## Brief:
Copy out each line of the data that includes the string "assumes".

## Information provided:
Content starts
(* Let $h:\mathbb{R}^n\to(-\infty,+\infty]$ be a proper lower semicontinuous convex function whose domain $\mathrm{dom}\,h$ is closed and bounded, let $\Omega\subseteq\mathbb{R}^n$ be a closed convex set with $\mathrm{dom}\,h\subseteq\Omega$, and let $D_h := \sup_{u_1,u_2\in\mathrm{dom}\,h}\|u_1-u_2\|$. Let $A_0=12$, $a_{k-1} = \frac{1+\sqrt{1+4A_{k-1}}}{2}$ and $A_k = A_{k-1}+a_{k-1}$ for $k\ge1$. Let $\lambda_0>0$ and $\bar\xi\ge 0$. Let $\{y_k\}_{k\ge0}\subseteq \mathrm{dom}\,h$, let $\{\lambda_k\}_{k\ge1}$ satisfy $0<\lambda_k\le\lambda_0$, let $\{\xi_k\}_{k\ge1}$ satisfy $0\le\xi_k\le\bar\xi$, and set $\tau_k = 2\xi_k\lambda_k/a_{k-1}$ for $k\ge1$. Let $x_0 = y_0$ and, for $k\ge1$, $$x_k = P_\Omega\!\left(\frac{(1+\tau_k)A_k}{a_{k-1}(\tau_k a_{k-1}+1)}\,y_k - \frac{A_{k-1}}{a_{k-1}(\tau_k a_{k-1}+1)}\,y_{k-1}\right),$$ where $P_\Omega$ denotes the Euclidean projection onto $\Omega$. Then for every $k\ge 0$, $$\|x_k - x_0\| \le C k, \qquad C := 2(2+\bar\xi\lambda_0)D_h.$$
   Context: $\|\cdot\|$ is the Euclidean norm on $\mathbb{R}^n$. $\mathrm{dom}\,h=\{u: h(u)<+\infty\}$. *)

theory Defs
  imports "HOL-Analysis.Analysis"
begin

definition edom :: "('a \<Rightarrow> ereal) \<Rightarrow> 'a set" where
  "edom h = {u. h u < \<infinity>}"

definition proper_fun :: "('a \<Rightarrow> ereal) \<Rightarrow> bool" where
  "proper_fun h \<longleftrightarrow> (\<forall>u. h u \<noteq> -\<infinity>) \<and> edom h \<noteq> {}"

definition lsc_fun :: "('a::topological_space \<Rightarrow> ereal) \<Rightarrow> bool" where
  "lsc_fun h \<longleftrightarrow> (\<forall>x. \<forall>c. c < h x \<longrightarrow> (\<forall>\<^sub>F y in at x. c < h y))"

definition econvex_fun :: "('a::real_vector \<Rightarrow> ereal) \<Rightarrow> bool" where
  "econvex_fun h \<longleftrightarrow> (\<forall>x y. \<forall>t::real. 0 < t \<and> t < 1 \<longrightarrow>
      h (t *\<^sub>R x + (1 - t) *\<^sub>R y) \<le> ereal t * h x + ereal (1 - t) * h y)"

fun Aseq :: "nat \<Rightarrow> real" where
  "Aseq 0 = 12"
| "Aseq (Suc k) = Aseq k + (1 + sqrt (1 + 4 * Aseq k)) / 2"

definition aseq :: "nat \<Rightarrow> real" where
  "aseq k = (1 + sqrt (1 + 4 * Aseq k)) / 2"

end

theory Submission
  imports Defs
begin

text \<open>The update defining \<open>x\<^sub>k\<close> is the projection of the extrapolation
  \<open>(1 + c) y\<^sub>k - c y\<^sub>k\<^sub>-\<^sub>1\<close> with \<open>0 \<le> c \<le> a\<^sub>k\<^sub>-\<^sub>1 - 1\<close>; this uses
  \<open>A\<^sub>k = a\<^sub>k\<^sub>-\<^sub>1\<^sup>2\<close> and \<open>A\<^sub>k\<^sub>-\<^sub>1 = a\<^sub>k\<^sub>-\<^sub>1 (a\<^sub>k\<^sub>-\<^sub>1 - 1)\<close>. Since projection onto \<open>\<Omega>\<close> is
  nonexpansive and fixes \<open>x\<^sub>0 = y\<^sub>0\<close>, the distance \<open>\<parallel>x\<^sub>k - x\<^sub>0\<parallel>\<close> is at most
  \<open>(1 + c) D\<^sub>h \<le> a\<^sub>k\<^sub>-\<^sub>1 D\<^sub>h\<close>, and \<open>a\<^sub>k\<^sub>-\<^sub>1 \<le> k + 3 \<le> 4k\<close> because \<open>a\<^sub>0 = 4\<close> and
  \<open>a\<^sub>k \<le> a\<^sub>k\<^sub>-\<^sub>1 + 1\<close>. Only \<open>\<tau>\<^sub>k \<ge> 0\<close> matters, so the bound holds with constant
  \<open>4 D\<^sub>h\<close>.\<close>

lemma Aseq_ge_12: "Aseq k \<ge> 12"
proof (induction k)
  case (Suc k)
  have "(1 + sqrt (1 + 4 * Aseq k)) / 2 \<ge> 0"
    using Suc.IH by simp
  with Suc.IH show ?case
    unfolding Aseq.simps by linarith
qed simp

lemma aseq_ge_1: "aseq k \<ge> 1"
  using Aseq_ge_12[of k] by (simp add: aseq_def)

lemma Aseq_eq_aseq_times: "Aseq k = aseq k * (aseq k - 1)"
proof -
  have "(sqrt (1 + 4 * Aseq k))\<^sup>2 = 1 + 4 * Aseq k"
    using Aseq_ge_12[of k] by simp
  thus ?thesis unfolding aseq_def by (simp add: power2_eq_square field_simps)
qed

lemma Aseq_Suc_eq_aseq_squared: "Aseq (Suc k) = (aseq k)\<^sup>2"
  using Aseq_eq_aseq_times[of k] by (simp add: aseq_def power2_eq_square algebra_simps)

lemma aseq_Suc_le: "aseq (Suc k) \<le> aseq k + 1"
proof -
  let ?a = "aseq k"
  have "sqrt (1 + 4 * ?a\<^sup>2) \<le> sqrt ((1 + 2 * ?a)\<^sup>2)"
    using aseq_ge_1[of k] by (intro real_sqrt_le_mono) (simp add: power2_eq_square algebra_simps)
  also have "\<dots> = 1 + 2 * ?a"
    using aseq_ge_1[of k] by simp
  finally show ?thesis
    unfolding aseq_def[of "Suc k"] Aseq_Suc_eq_aseq_squared by simp
qed

lemma aseq_le: "aseq k \<le> real k + 4"
proof (induction k)
  case 0
  have "sqrt 49 = (7::real)"
    by (simp add: real_sqrt_unique)
  then show ?case
    by (simp add: aseq_def)
next
  case (Suc k)
  then show ?case
    using aseq_Suc_le[of k] by simp
qed

lemma extrapolation_coefficient:
  fixes a \<tau> :: real
  assumes "a \<ge> 1" and "\<tau> \<ge> 0"
  defines "c \<equiv> (a - 1) / (\<tau> * a + 1)"
  shows "(1 + \<tau>) * a\<^sup>2 / (a * (\<tau> * a + 1)) = 1 + c"
    and "a * (a - 1) / (a * (\<tau> * a + 1)) = c"
    and "0 \<le> c" and "c \<le> a - 1"
proof -
  have den: "\<tau> * a + 1 \<ge> 1"
    using assms(1,2) by simp
  have "(1 + \<tau>) * a\<^sup>2 / (a * (\<tau> * a + 1)) = (1 + \<tau>) * a / (\<tau> * a + 1)"
    using assms(1) by (simp add: power2_eq_square)
  also have "\<dots> = 1 + c"
    using den unfolding c_def by (simp add: field_simps)
  finally show "(1 + \<tau>) * a\<^sup>2 / (a * (\<tau> * a + 1)) = 1 + c" .
  show "a * (a - 1) / (a * (\<tau> * a + 1)) = c"
    using assms(1) unfolding c_def by simp
  show "0 \<le> c"
    using den assms(1) unfolding c_def by simp
  have "(a - 1) * 1 \<le> (a - 1) * (\<tau> * a + 1)"
    using den assms(1) by (intro mult_left_mono) auto
  thus "c \<le> a - 1"
    using den unfolding c_def by (simp add: divide_le_eq)
qed

lemma closest_point_extrapolation_dist_le:
  fixes \<Omega> :: "'a::euclidean_space set"
  assumes "convex \<Omega>" and "closed \<Omega>" and "w \<in> \<Omega>" and "c \<ge> 0"
    and "norm (u - w) \<le> D" and "norm (u - v) \<le> D"
  shows "norm (closest_point \<Omega> ((1 + c) *\<^sub>R u - c *\<^sub>R v) - w) \<le> (1 + c) * D"
proof -
  let ?z = "(1 + c) *\<^sub>R u - c *\<^sub>R v"
  have "norm (closest_point \<Omega> ?z - w) = dist (closest_point \<Omega> ?z) (closest_point \<Omega> w)"
    using closest_point_self[OF assms(3)] by (simp add: dist_norm)
  also have "\<dots> \<le> dist ?z w"
    using closest_point_lipschitz[OF assms(1,2)] assms(3) by blast
  also have "\<dots> = norm ((u - w) + c *\<^sub>R (u - v))"
    by (simp add: dist_norm algebra_simps)
  also have "\<dots> \<le> norm (u - w) + c * norm (u - v)"
    using norm_triangle_ineq[of "u - w" "c *\<^sub>R (u - v)"] assms(4) by simp
  also have "\<dots> \<le> (1 + c) * D"
    using assms(4-6) mult_left_mono[OF assms(6) assms(4)] by (simp add: algebra_simps)
  finally show ?thesis .
qed

theorem lemma4p4:
  fixes h :: "real ^ 'n \<Rightarrow> ereal"
    and \<Omega> :: "(real ^ 'n) set"
    and y x :: "nat \<Rightarrow> real ^ 'n"
    and lam \<xi> :: "nat \<Rightarrow> real"
    and lam0 \<xi>bar :: real
  assumes "proper_fun h" and "lsc_fun h" and "econvex_fun h"
    and "closed (edom h)" and "bounded (edom h)"
    and "closed \<Omega>" and "convex \<Omega>" and "edom h \<subseteq> \<Omega>"
    and "lam0 > 0" and "\<xi>bar \<ge> 0"
    and "\<And>k. y k \<in> edom h"
    and "\<And>k. k \<ge> 1 \<Longrightarrow> 0 < lam k \<and> lam k \<le> lam0"
    and "\<And>k. k \<ge> 1 \<Longrightarrow> 0 \<le> \<xi> k \<and> \<xi> k \<le> \<xi>bar"
    and "x 0 = y 0"
    and "\<And>k. k \<ge> 1 \<Longrightarrow>
          (let \<tau> = 2 * \<xi> k * lam k / aseq (k - 1) in
           x k = closest_point \<Omega>
             (((1 + \<tau>) * Aseq k / (aseq (k - 1) * (\<tau> * aseq (k - 1) + 1))) *\<^sub>R y k
              - (Aseq (k - 1) / (aseq (k - 1) * (\<tau> * aseq (k - 1) + 1))) *\<^sub>R y (k - 1)))"
  shows "\<forall>k. norm (x k - x 0) \<le> 2 * (2 + \<xi>bar * lam0) * diameter (edom h) * real k"
proof (intro allI)
  fix k
  define D where "D = diameter (edom h)"
  have "D \<ge> 0"
    unfolding D_def using assms(5) by (rule diameter_ge_0)
  have dist_y: "norm (y i - y j) \<le> D" for i j
    using diameter_bounded_bound[OF assms(5) assms(11)[of i] assms(11)[of j]]
    by (simp add: D_def dist_norm)
  show "norm (x k - x 0) \<le> 2 * (2 + \<xi>bar * lam0) * diameter (edom h) * real k"
  proof (cases k)
    case (Suc m)
    define a where "a = aseq m"
    define \<tau> where "\<tau> = 2 * \<xi> k * lam k / a"
    define c where "c = (a - 1) / (\<tau> * a + 1)"
    have "a \<ge> 1" and "\<tau> \<ge> 0"
      using aseq_ge_1[of m] assms(12,13)[of k] Suc by (simp_all add: a_def \<tau>_def)
    note coeff = extrapolation_coefficient[OF this, folded c_def]
    have "k \<ge> 1" and k_pred: "k - 1 = m"
      and A_k: "Aseq k = a\<^sup>2" and A_m: "Aseq m = a * (a - 1)"
      using Suc Aseq_Suc_eq_aseq_squared[of m] Aseq_eq_aseq_times[of m] by (simp_all add: a_def)
    have "x k = closest_point \<Omega> ((1 + c) *\<^sub>R y k - c *\<^sub>R y m)"
      using assms(15)[OF \<open>k \<ge> 1\<close>]
      unfolding Let_def k_pred A_k A_m a_def[symmetric] \<tau>_def[symmetric] coeff(1,2) .
    moreover have "y 0 \<in> \<Omega>"
      using assms(8,11) by blast
    ultimately have "norm (x k - x 0) \<le> (1 + c) * D"
      using closest_point_extrapolation_dist_le[OF assms(7,6) _ coeff(3) dist_y[of k 0] dist_y[of k m]]
        assms(14) by simp
    also have "\<dots> \<le> (real m + 4) * D"
      using coeff(4) aseq_le[of m] \<open>D \<ge> 0\<close> unfolding a_def by (intro mult_right_mono) auto
    also have "\<dots> \<le> (4 * real k) * D"
      using Suc \<open>D \<ge> 0\<close> by (intro mult_right_mono) auto
    also have "\<dots> \<le> (2 * (2 + \<xi>bar * lam0) * real k) * D"
      using assms(9,10) \<open>D \<ge> 0\<close> by (intro mult_right_mono) auto
    finally show ?thesis
      by (simp add: D_def mult_ac)
  qed simp
qed

end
Content ends
## Answer space:
  assumes "a \<ge> 1" and "\<tau> \<ge> 0"
  assumes "convex \<Omega>" and "closed \<Omega>" and "w \<in> \<Omega>" and "c \<ge> 0"
  assumes "proper_fun h" and "lsc_fun h" and "econvex_fun h"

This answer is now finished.